Forced liquidation of positions by Archegos Capital adds to Viacom, Discovery plunge

The ViacomCBS logo will be displayed on the Nasdaq MarketSite to celebrate the company’s merger, in New York on December 5, 2019.

Brendan McDermid | Reuters

According to a source with direct knowledge of the situation, part of the heavy selling pressure in select US media stocks and Chinese Internet ADRs on Friday was due to the forced liquidation of positions from the multi-billion dollar family office, Archegos Capital Management.

Archegos Capital was founded by former Tiger Management equity analyst Bill Hwang.

Media shares ViacomCBS and Discovery, which have posted massive gains this year, came under unusually heavy selling pressure late this week and at least two of the shares are said to be in question, along with the Chinese internet names Baidu, Tencent, Vipshop and several others.

ViacomCBS and Discovery closed more than 27% Friday, while Viacom gave more than 50% off for a week, while Discovery was down 45%. The companies have been badly shorted due to investor skepticism about their long-term outlook in a busy media landscape.

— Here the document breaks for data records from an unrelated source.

lemma abs_cov_tilde_le_1: "\<bar>cov_tilde d A i j\<bar> \<le> 1"
proof -
  have nonneg: "0 \<le> cov_of d A k k" for k
    by (simp add: cov_of_def sum_nonneg)
  have cauchy_schwarz: "(cov_of d A i j)\<^sup>2 \<le> cov_of d A i i * cov_of d A j j"
    using Cauchy_Schwarz_ineq_sum[of "A i" "A j" "{..<d}"] by (simp add: cov_of_def power2_eq_square)
  have "(cov_tilde d A i j)\<^sup>2 = (cov_of d A i j)\<^sup>2 / (cov_of d A i i * cov_of d A j j)"
    using nonneg unfolding cov_tilde_def sd_i_def
    by (simp add: power_divide power_mult_distrib real_sqrt_mult[symmetric])
  also have "\<dots> \<le> 1"
  proof (cases "cov_of d A i i * cov_of d A j j = 0")
    case False
    then have "0 < cov_of d A i i * cov_of d A j j"
      using nonneg[of i] nonneg[of j] by (simp add: less_le)
    then show ?thesis
      using cauchy_schwarz by simp
  qed auto
  finally show ?thesis
    by (simp add: abs_square_le_1)
qed

lemma frob_tilde_eq_frob_norm: "frob_tilde d A = frob_norm d (cov_tilde d A)"
  by (simp add: frob_tilde_def frob_norm_def)

lemma phi_hat_gaussian_cos_model:
  assumes "0 < d" and "\<theta> \<in> B0 s d" and "\<And>i. i < d \<Longrightarrow> 0 < cov_of d A i i"
  shows "gaussian_cos_model d s (z\<^sup>2 * \<sigma>\<^sup>2) (\<lambda>i. z * \<theta> i / sd_i d A i)
    (\<lambda>i k. z * \<sigma> * A i k / sd_i d A i) (cov_tilde d A)"
proof
  show "(\<Sum>k<d. z * \<sigma> * A i k / sd_i d A i * (z * \<sigma> * A j k / sd_i d A j))
      = z\<^sup>2 * \<sigma>\<^sup>2 * cov_tilde d A i j" for i j
    using sum_scaled_rows_mult[of "z * \<sigma>"] by (simp add: power_mult_distrib)
  then show "(\<Sum>k<d. (z * \<sigma> * A i k / sd_i d A i)\<^sup>2) = z\<^sup>2 * \<sigma>\<^sup>2" if "i < d" for i
    using cov_tilde_self[OF assms(3)[OF that]] by (simp add: power2_eq_square)
  have "card {i \<in> {..<d}. z * \<theta> i / sd_i d A i \<noteq> 0} \<le> card {i \<in> {..<d}. \<theta> i \<noteq> 0}"
    by (intro card_mono) auto
  then show "card {i \<in> {..<d}. z * \<theta> i / sd_i d A i \<noteq> 0} \<le> s"
    using assms(2) by (simp add: B0_def)
qed (use assms(1) abs_cov_tilde_le_1 in auto)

For the week, Baidu was down more than 18%, Tencent more than 33% and Vipshop more than 31%.

CNBC contacted Archegos Capital, but calls and emails were not answered. The source said the foreclosures were likely linked to margin calls due to heavily leveraged positions.

CNBC has also learned that Teng Yue Partners, an Asia-focused fund managed by another former Tiger Management analyst, Tao Li, was negatively impacted by withdrawals in several of its major holdings. Although the fund was set to decline in March, it was still positive, according to the source.

CNBC has also contacted Teng Yue.

– CNBC’s Leslie Picker contributed to this report.